A experiência foi extraordinariamente fértil, mas não foi fácil. Como preparar um colóquio mundial debaixo de uma vaga pandémica inaudita, com oradores e outros participantes de África, Europa, Ásia e as Américas do Norte de Sul, onde se numas cidades era dia noutras era noite, e onde uma parte considerável dos participantes não estava propriamente familiarizada com a plataforma virtual utilizada. A natural diversidade de equipamentos informáticos dos participantes também não ajudava, e Rui Soares com a sua pequena equipa teve de ensaiar treinos individualizados com cada participante para que na hora prevista (a portuguesa), o colóquio avançasse. E fê-lo em absoluto, à hora agendada e com o cumprimento escrupuloso do horário.

“O esforço de todos resultou em êxito pleno com muitos ‘gurus’ a elogiarem a organização, não só em termos científicos, mas também pela forma como foram preenchidos os tempos de lazer”, disse-nos Rui Soares, criticando a burocracia indiferente e asfixiante que sempre recai sobre quem já se aventura sem rede numa iniciativa quase épica que exaltou o nome de Tavira no país, e de Portugal no mundo.

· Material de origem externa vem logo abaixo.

(* Let $\mathcal{G}$ be a hereditary graph family such that $\mathcal{G}_n\neq\emptyset$ for all $n$, let $r\geq 2$ and $0\leq \alpha \leq 1-\frac{1}{r}$. Suppose there is $n_1$ such that $\lambda_{\alpha}(\mathcal{G}_n)> \left(1-\frac{1}{r}\right)n-\left(1-\frac{1}{r}\right)$ for all $n\ge n_1$. Then the limit $$\pi_{\alpha}(\mathcal{G}):=\lim_{n\to \infty} \frac{\lambda_{\alpha}(\mathcal{G}_n)}{n}$$ exists, and $\pi_{\alpha}(\mathcal{G})\leq \frac{\lambda_{\alpha}(\mathcal{G}_n)}{n-1}$ for every $n\ge n_1$.
   Context: $\lambda_\alpha(G)$ is the largest eigenvalue of $A_\alpha(G)=\alpha D(G)+(1-\alpha)A(G)$ ($A$ adjacency matrix, $D$ diagonal degree matrix). A graph family is hereditary if it is closed under taking induced subgraphs. For a family $\mathcal{G}$, $\mathcal{G}_n$ is the set of $n$-vertex graphs in $\mathcal{G}$ and $\lambda_\alpha(\mathcal{G}_n)=\max_{G\in\mathcal{G}_n}\lambda_\alpha(G)$. *)

theory Defs
  imports Complex_Main "Jordan_Normal_Form.Char_Poly"
begin

text \<open>A finite simple graph on the vertex set {0..<n}: a pair (n, E) where E is a
  symmetric irreflexive edge relation on {0..<n}.\<close>
type_synonym graph = "nat \<times> (nat \<times> nat) set"

definition is_graph :: "graph \<Rightarrow> bool" where
  "is_graph G = (snd G \<subseteq> {..<fst G} \<times> {..<fst G} \<and> sym (snd G) \<and> (\<forall>i. (i, i) \<notin> snd G))"

definition induced_sub :: "graph \<Rightarrow> nat \<Rightarrow> (nat \<Rightarrow> nat) \<Rightarrow> graph" where
  "induced_sub G k f = (k, {(i, j). i < k \<and> j < k \<and> (f i, f j) \<in> snd G})"

definition hereditary :: "graph set \<Rightarrow> bool" where
  "hereditary F = (\<forall>G\<in>F. \<forall>k f. inj_on f {..<k} \<and> f ` {..<k} \<subseteq> {..<fst G}
                       \<longrightarrow> induced_sub G k f \<in> F)"

definition slice :: "graph set \<Rightarrow> nat \<Rightarrow> graph set" where
  "slice F n = {G \<in> F. fst G = n}"

definition degree :: "graph \<Rightarrow> nat \<Rightarrow> nat" where
  "degree G i = card {j. (i, j) \<in> snd G}"

definition A_alpha :: "real \<Rightarrow> graph \<Rightarrow> real mat" where
  "A_alpha \<alpha> G = mat (fst G) (fst G)
     (\<lambda>(i, j). \<alpha> * (if i = j then real (degree G i) else 0)
              + (1 - \<alpha>) * (if (i, j) \<in> snd G then 1 else 0))"

definition lambda_alpha :: "real \<Rightarrow> graph \<Rightarrow> real" where
  "lambda_alpha \<alpha> G = Max {k. eigenvalue (A_alpha \<alpha> G) k}"

definition lambda_fam :: "real \<Rightarrow> graph set \<Rightarrow> nat \<Rightarrow> real" where
  "lambda_fam \<alpha> F n = Max (lambda_alpha \<alpha> ` slice F n)"

end

theory Submission
  imports Defs "HOL-Analysis.Function_Topology"
begin

text \<open>Since A_alpha(G) is symmetric, lambda_alpha(G) is the maximum of the quadratic form
  x' A_alpha(G) x = sum over ordered edges (a, c) of alpha x_a^2 + (1 - alpha) x_a x_c on unit
  vectors. Take an extremal graph G on n + 1 vertices and a unit eigenvector x. Deleting a
  vertex v gives a graph of the family on n vertices whose form at x restricted to the other
  vertices is at most lambda(n) (1 - x_v^2); summing over v, every edge is counted n - 1 times,
  so (n - 1) lambda(n + 1) <= n lambda(n). Thus lambda(n) / (n - 1) decreases; it is
  nonnegative by the growth hypothesis, so it converges, and lambda(n) / n has the same limit.\<close>

section \<open>Quadratic forms and the Rayleigh quotient\<close>

definition quad_form :: "nat \<Rightarrow> (nat \<Rightarrow> nat \<Rightarrow> real) \<Rightarrow> (nat \<Rightarrow> real) \<Rightarrow> real" where
  "quad_form n a x = (\<Sum>i<n. \<Sum>j<n. a i j * x i * x j)"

O colóquio deste ano que agora encerra, deixando poucas saudades ao mundo, centrou-se em torno da contextualidade e intertextualidade dos provérbios; da construção de uma herança comum europeia de provérbios; da educação e do diálogo interdisciplinar, através do uso de provérbios; e de questões relacionadas com os provérbios e com a sua tradução. Houve ainda intervenções que ligaram os provérbios ao teatro e à linguagem gestual, outras versando o recurso aos adágios nas aventuras de Astérix e na atual pandemia, e outras ainda mostrando a forma como os adágios podem enquadrar algumas áreas do conhecimento. As edições anteriores também forneceram experiências e conhecimentos que permitiram a Rui Soares e à esposa, encontrarem recursos nas TIC utilizadas – o Youtube Canal de Paremiologia e o www.facebook.com/associacaointernacionalparemiologia. As plataformas tecnológicas usadas permitiram que os 40 participantes intervenientes, em fusos horários muito afastados pudessem ter sido escutados por quase 400 pessoas que assistiram online.

“No dia da sessão de abertura, após a oratória das entidades convidadas  ̶  a presidente do Município de Tavira, o representante da UNESCO, o embaixador da República Checa, a diretora regional de Cultura do Algarve  e de mim próprio, como presidente da AIP-IAP  ̶, houve um concerto musical com o pianista Bruno Belthoise que em estreia mundial musicou 15 provérbios”, referiu-nos Rui Soares, notando ainda que “na sessão de encerramento, o município de Tavira disponibilizou para todos os participantes um concerto de Cuca Roseta em Tavira, realizado virtualmente, em março, e alusivo aos 500 anos do foral da cidade de Tavira”.

Fernando Pessoa disse proverbialmente que quando Deus quer e o homem sonha, a obra nasce. Tavira e os provérbios são bem a prova disso, pelo menos enquanto Deus der saúde para que o nosso amigo Rui Soares continue a sonhar e energia para a aplicar em tão esforçada missão.